Review of M*A*S*H

M*A*S*H (1970)
2/10
Vastly Over-Rated
20 January 2003
I realize that this movie has achieved almost cult status and is widely regarded as a classic, but it just didn't work for me. The best thing I can say about it is that it gave birth to the long running television series of the same name, which may still be the best television series ever made. But how anyone could watch this movie and get the idea to make it into a television series is beyond me.

I readily confess, of course, that (as with almost everyone born in the 1960's or later) my introduction to and conception of MASH is the TV series. It's truly difficult for me to relate to Donald Sutherland as Hawkeye Pierce, for example. Not that he, or any of the actors, did a bad job. It's just that the TV series is so ingrained in my mind that it's hard to see different actors putting their unique spins on familiar characters. Hawkeye, Trapper John (Elliott Gould), Frank Burns (Robert Duvall), Hot Lips Houlihan (Sally Kellerman) and Col. Blake (Roger Bowen) are portrayed very differently than their TV counter-parts. That's fine (and the actors did well) but it's still disconcerting.

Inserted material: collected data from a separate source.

(* Let $n\ge2$ and let $N_1,N_2$ be $n\times n$ hermitian matrices over $\mathbb{F}_{q^2}$ of rank $n-1$ with $\operatorname{rank}(N_1-N_2)=1$. If $\{N_1+\lambda\mathbf{y}\mathbf{y}^\ast: 0\neq\lambda\in\mathbb{F}_q\}$ is a leaf of $N_1$, then $\{N_2+\lambda\mathbf{y}\mathbf{y}^\ast: 0\neq\lambda\in\mathbb{F}_q\}$ is a leaf of $N_2$.
   Context: $\mathbb{F}_{q^2}$ is the field with $q^2$ elements with involution $\bar x=x^q$, fixed field $\mathbb{F}_q$; $X^\ast=\bar X^\top$; hermitian means $A^\ast=A$. Leaf: if $A$ is hermitian of rank $s<n$ and $\mathbf{x}$ is not in the column space of $A$, then $\{A+\lambda\mathbf{x}\mathbf{x}^\ast: 0\ne\lambda\in\mathbb{F}_q\}$ is a leaf of $A$. *)

theory Defs
  imports "Jordan_Normal_Form.DL_Rank"
begin

text \<open>Throughout, the field 'a is finite of cardinality q^2, the involution is x |-> x^q,
  and the fixed field F_q is the set of elements with x^q = x.\<close>

definition conj_tr :: "nat \<Rightarrow> 'a::field mat \<Rightarrow> 'a mat" where
  "conj_tr q A = mat (dim_col A) (dim_row A) (\<lambda>(i,j). (A $$ (j,i)) ^ q)"

definition hermitian_q :: "nat \<Rightarrow> 'a::field mat \<Rightarrow> bool" where
  "hermitian_q q A \<longleftrightarrow> conj_tr q A = A"

definition outer_conj :: "nat \<Rightarrow> 'a::field vec \<Rightarrow> 'a mat" where
  "outer_conj q x = mat (dim_vec x) (dim_vec x) (\<lambda>(i,j). x $ i * (x $ j) ^ q)"

definition col_space :: "'a::field mat \<Rightarrow> 'a vec set" where
  "col_space A = {A *\<^sub>v v | v. v \<in> carrier_vec (dim_col A)}"

definition leaf_set :: "nat \<Rightarrow> 'a::field mat \<Rightarrow> 'a vec \<Rightarrow> 'a mat set" where
  "leaf_set q A x = {A + smult_mat c (outer_conj q x) | c. c \<noteq> 0 \<and> c ^ q = c}"

definition is_leaf :: "nat \<Rightarrow> nat \<Rightarrow> 'a::field mat \<Rightarrow> 'a mat set \<Rightarrow> bool" where
  "is_leaf q n A S \<longleftrightarrow> A \<in> carrier_mat n n \<and> hermitian_q q A \<and> vec_space.rank n A < n \<and>
     (\<exists>x \<in> carrier_vec n. x \<notin> col_space A \<and> S = leaf_set q A x)"

end

(*
  Since |F| = q^2, the number q is a power of the characteristic (every prime divisor of |F| is the
  characteristic, by Sylow's theorem in the additive group), so x \<mapsto> x^q is an additive involution
  and a hermitian matrix A satisfies  conj u \<bullet> A v = (conj v \<bullet> A u)^q.  Consequently, if A has
  corank one with kernel spanned by k, its column space is the hyperplane orthogonal to conj k.

  Write N1 - N2 = w c^T.  If c \<bullet> k were nonzero, then conj k \<bullet> w would be nonzero as well, so for
  a kernel vector v of N2 the vector N1 v = (c \<bullet> v) w could only lie in the column space of N1 if
  c \<bullet> v = 0; but then v is in the kernel of N1, i.e. a multiple of k, and c \<bullet> k \<noteq> 0 forces v = 0.
  Hence N2 k = 0, so N1 and N2 have the same column space.  Finally, a leaf of N1 determines its
  vector up to a scalar, since y y^* = c x x^* forces x to be a multiple of y; so y lies outside the
  column space of N1, hence outside that of N2.
*)

theory Submission
  imports Defs "HOL-Algebra.Sylow" "HOL-Algebra.Multiplicative_Group" "HOL-Computational_Algebra.Primes"
begin

section \<open>Finite fields\<close>

lemma nat_pow_additive_monoid:
  "x [^]\<^bsub>\<lparr>carrier = H, monoid.mult = (+), one = (0::'a::semiring_1)\<rparr>\<^esub> (n::nat) = of_nat n * x"
  by (induct n) (simp_all add: nat_pow_def algebra_simps)

lemma prime_dvd_card_field_eq_CHAR:
  fixes r :: nat
  assumes r: "prime r" and dvd: "r dvd card (UNIV :: 'a::{finite,field} set)"
  shows "r = CHAR('a)"
proof -
  define G where "G = \<lparr>carrier = (UNIV :: 'a set), monoid.mult = (+), one = (0 :: 'a)\<rparr>"
  interpret group G
    by (rule groupI) (auto simp: G_def add_ac intro: exI[of _ "- x" for x])
  have ord: "Coset.order G = r ^ 1 * (card (UNIV :: 'a set) div r)"
    using dvd by (simp add: Coset.order_def G_def)
  obtain H where H: "subgroup H G" "card H = r"
    using sylow_thm[OF r group_axioms ord] by (auto simp: G_def)
  have "\<not> H \<subseteq> {0}"
    using H(2) prime_gt_1_nat[OF r] card_mono[of "{0::'a}" H] by auto
  then obtain x where x: "x \<in> H" "x \<noteq> 0"
    by blast
  interpret H: group "G\<lparr>carrier := H\<rparr>"
    by (rule subgroup.subgroup_is_group[OF H(1) group_axioms])
  have "x [^]\<^bsub>G\<lparr>carrier := H\<rparr>\<^esub> Coset.order (G\<lparr>carrier := H\<rparr>) = \<one>\<^bsub>G\<lparr>carrier := H\<rparr>\<^esub>"
    using x(1) by (intro H.pow_order_eq_1) simp
  then have "of_nat r * x = 0"
    using H(2) nat_pow_additive_monoid[of H x r] by (simp add: Coset.order_def G_def)
  then have "CHAR('a) dvd r"
    using x(2) by (simp add: of_nat_eq_0_iff_char_dvd)
  moreover have "CHAR('a) \<noteq> 1"
    by simp
  ultimately show ?thesis
    using r prime_nat_iff by metis
qed

lemma prime_power_multiplicity_if_unique_prime_divisor:
  fixes n p :: nat
  assumes "prime p" "n > 0" and only_p: "\<And>r. prime r \<Longrightarrow> r dvd n \<Longrightarrow> r = p"
  shows "n = p ^ multiplicity p n"
proof -
  have "normalize n = normalize (p ^ multiplicity p n)"
  proof (rule multiplicity_eq_imp_eq)
    fix r :: nat assume r: "prime r"
    show "multiplicity r n = multiplicity r (p ^ multiplicity p n)"
    proof (cases "r = p")
      case False
      then show ?thesis
        using r assms(1) only_p[OF r]
        by (auto intro!: not_dvd_imp_multiplicity_0 simp: multiplicity_distinct_prime_power)
    qed (use assms(1) in simp)
  qed (use assms in auto)
  then show ?thesis by simp
qed

lemma sqrt_card_field_power_of_CHAR:
  assumes "card (UNIV :: 'a::{finite,field} set) = q ^ 2"
  shows "q = CHAR('a) ^ multiplicity CHAR('a) q"
proof (rule prime_power_multiplicity_if_unique_prime_divisor)
  show "q > 0"
    using assms finite_UNIV_card_ge_0[where ?'a = 'a] by (cases q) auto
  show "r = CHAR('a)" if "prime r" "r dvd q" for r
    using that assms by (intro prime_dvd_card_field_eq_CHAR) (auto simp: power2_eq_square)
qed (simp add: prime_CHAR_semidom finite_imp_CHAR_pos)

The problems I felt with this movie went far beyond the difficulties involved with relating to an unfamiliar cast playing familiar characters, though. The story focuses on the experiences of Captains Pierce and Duke Forrest (Tom Skerritt) at the 4077 MASH in the Korean War. It opens with their arrival and closes with their discharge. But to me the movie lacks any clear focus or consistency. It doesn't seem to be building to anything and in the end it just fizzles out quietly without any real climax. The zany antics of the doctors come across here as mean-spirited more than fun, and there's way too much emphasis on the football game between the 4077 and the 325th Evac. I mean - who really cares? To me, this movie didn't even seem to have a strong anti-war message. Anti-military perhaps, but not anti-war (and the two are not the same thing, in my opinion.)

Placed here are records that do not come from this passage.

(* Consider $\mathrm{USD}_1$ (stubbornness $p=1$) started from the configuration with $u(0)=0$, $x_1(0)=1$ and $x_2(0)=n-1$. Let $T_1 := \inf\{t \geq 0 : x_2(t) = 0\}$. Then $\Pr[T_1 \leq 7n^2\log^2 n] \geq 1-n^{-2}$.
   Context: Population protocol with $n$ agents, each in a state from $\{1,2,\bot\}$ (Opinion 1, Opinion 2, undecided). At each time step a scheduler picks an ordered pair $(i,j)$ of agents uniformly at random, independently of the past; only the initiator $i$ changes state. In $\mathrm{USD}_p$: if the initiator is $2$ and the responder $1$, the initiator becomes $\bot$; if the initiator is $1$ and the responder $2$, the initiator becomes $\bot$ with probability $1-p$ and otherwise stays $1$ (so for $p=1$ it always stays $1$); if the initiator is $\bot$, it adopts the responder's state; otherwise nothing changes. $x_1(t),x_2(t),u(t)$ are the numbers of agents in states $1,2,\bot$ after $t$ interactions. *)

theory Defs
  imports "HOL-Probability.Probability"
begin

datatype opinion = Op1 | Op2 | Undec

text \<open>A configuration of n agents, agents are 0..<n (values outside are irrelevant).\<close>
type_synonym config = "nat \<Rightarrow> opinion"

definition count :: "nat \<Rightarrow> opinion \<Rightarrow> config \<Rightarrow> nat" where
  "count n a c = card {i. i < n \<and> c i = a}"

abbreviation x1 where "x1 n c \<equiv> count n Op1 c"
abbreviation x2 where "x2 n c \<equiv> count n Op2 c"
abbreviation und where "und n c \<equiv> count n Undec c"

text \<open>Uniformly random ordered pair (initiator, responder) of distinct agents.\<close>
definition pairs :: "nat \<Rightarrow> (nat \<times> nat) set" where
  "pairs n = {(i, j). i < n \<and> j < n \<and> i \<noteq> j}"

definition interact :: "real \<Rightarrow> config \<Rightarrow> nat \<Rightarrow> nat \<Rightarrow> config pmf" where
  "interact p c i j =
     (case (c i, c j) of
        (Op2, Op1) \<Rightarrow> return_pmf (c(i := Undec))
      | (Op1, Op2) \<Rightarrow> map_pmf (\<lambda>b. if b then c else c(i := Undec)) (bernoulli_pmf p)
      | (Undec, _) \<Rightarrow> return_pmf (c(i := c j))
      | _ \<Rightarrow> return_pmf c)"

definition usd_step :: "nat \<Rightarrow> real \<Rightarrow> config \<Rightarrow> config pmf" where
  "usd_step n p c = pmf_of_set (pairs n) \<bind> (\<lambda>(i, j). interact p c i j)"

fun usd_run :: "nat \<Rightarrow> real \<Rightarrow> nat \<Rightarrow> config \<Rightarrow> config list pmf" where
  "usd_run n p 0 c = return_pmf [c]"
| "usd_run n p (Suc k) c = usd_step n p c \<bind> (\<lambda>c'. map_pmf (Cons c) (usd_run n p k c'))"

definition init_conf :: config where
  "init_conf = (\<lambda>i. if i = 0 then Op1 else Op2)"

end

theory Submission
  imports Defs
begin

text \<open>While some agent holds opinion 2, the potential \<open>\<Phi>(x\<^sub>1, x\<^sub>2) = F(x\<^sub>1) + G(x\<^sub>1) x\<^sub>2\<close>
  (and \<open>\<Phi> = 0\<close> once \<open>x\<^sub>2 = 0\<close>) decreases by at least 1 in expectation in every step of
  \<open>USD\<^sub>1\<close>, and \<open>0 \<le> \<Phi> \<le> 3n\<^sup>2 - 5n\<close> along the run because agents of opinion 1 never change.
  Summing the drift inequality bounds the truncated expected hitting time
  \<open>\<Sum>k\<le>L. P(x\<^sub>2 > 0 up to time k)\<close> by \<open>\<Phi>\<close>, so a block of \<open>L\<close> steps is survived with
  probability at most \<open>3n\<^sup>2/(L + 1)\<close>, and by the Markov property \<open>j\<close> consecutive blocks with
  probability at most \<open>(3n\<^sup>2/(L + 1))\<^sup>j\<close>. About \<open>2 ln n\<close> blocks of length about
  \<open>7n\<^sup>2 ln n / 2\<close> push this below \<open>1/n\<^sup>2\<close> for \<open>n \<ge> 18\<close>; the remaining \<open>n\<close> are checked
  numerically.\<close>

section \<open>Survival probabilities of a Markov chain\<close>

fun survival :: "('a \<Rightarrow> 'a pmf) \<Rightarrow> ('a \<Rightarrow> bool) \<Rightarrow> nat \<Rightarrow> 'a \<Rightarrow> real" where
  "survival K A 0 x = (if A x then 0 else 1)"
| "survival K A (Suc k) x = (if A x then 0 else measure_pmf.expectation (K x) (survival K A k))"

lemma survival_nonneg: "0 \<le> survival K A k x"
  by (induction k arbitrary: x) auto

lemma survival_le_1: "survival K A k x \<le> 1"
proof (induction k arbitrary: x)
  case (Suc k)
  have "measure_pmf.expectation (K x) (survival K A k) \<le> measure_pmf.expectation (K x) (\<lambda>_. 1)"
    by (intro integral_mono measure_pmf.integrable_const_bound[where B=1])
       (auto simp: Suc.IH survival_nonneg)
  then show ?case by simp
qed simp

lemma integrable_survival: "integrable (measure_pmf p) (survival K A k)"
  by (rule measure_pmf.integrable_const_bound[where B=1]) (auto simp: survival_nonneg survival_le_1)

lemma survival_target_eq_0: "A x \<Longrightarrow> survival K A k x = 0"
  by (cases k) simp_all

lemma survival_Suc_le: "survival K A (Suc k) x \<le> survival K A k x"
proof (induction k arbitrary: x)
  case 0
  show ?case using survival_le_1[of K A "Suc 0" x] by (simp split: if_splits)
next
  case (Suc k)
  have "measure_pmf.expectation (K x) (survival K A (Suc k)) \<le> measure_pmf.expectation (K x) (survival K A k)"
    by (intro integral_mono integrable_survival Suc.IH)
  then show ?case by simp
qed

lemma survival_antimono: "k \<le> k' \<Longrightarrow> survival K A k' x \<le> survival K A k x"
proof (induction k' rule: dec_induct)
  case (step m)
  then show ?case using survival_Suc_le[of K A m x] by linarith
qed simp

I realize that I'm not in tune here with most people's thinking, but as far as I'm concerned the best thing about this movie is actually hearing the words to the familiar MASH theme: "Suicide Is Painless." I also appreciated the fact that, this being a motion picture rather than a TV series, the horrors of war (ie, the wounds of the soldiers) could be more graphically (and therefore more soberingly) portrayed. Aside from that, nothing much here appealed to me.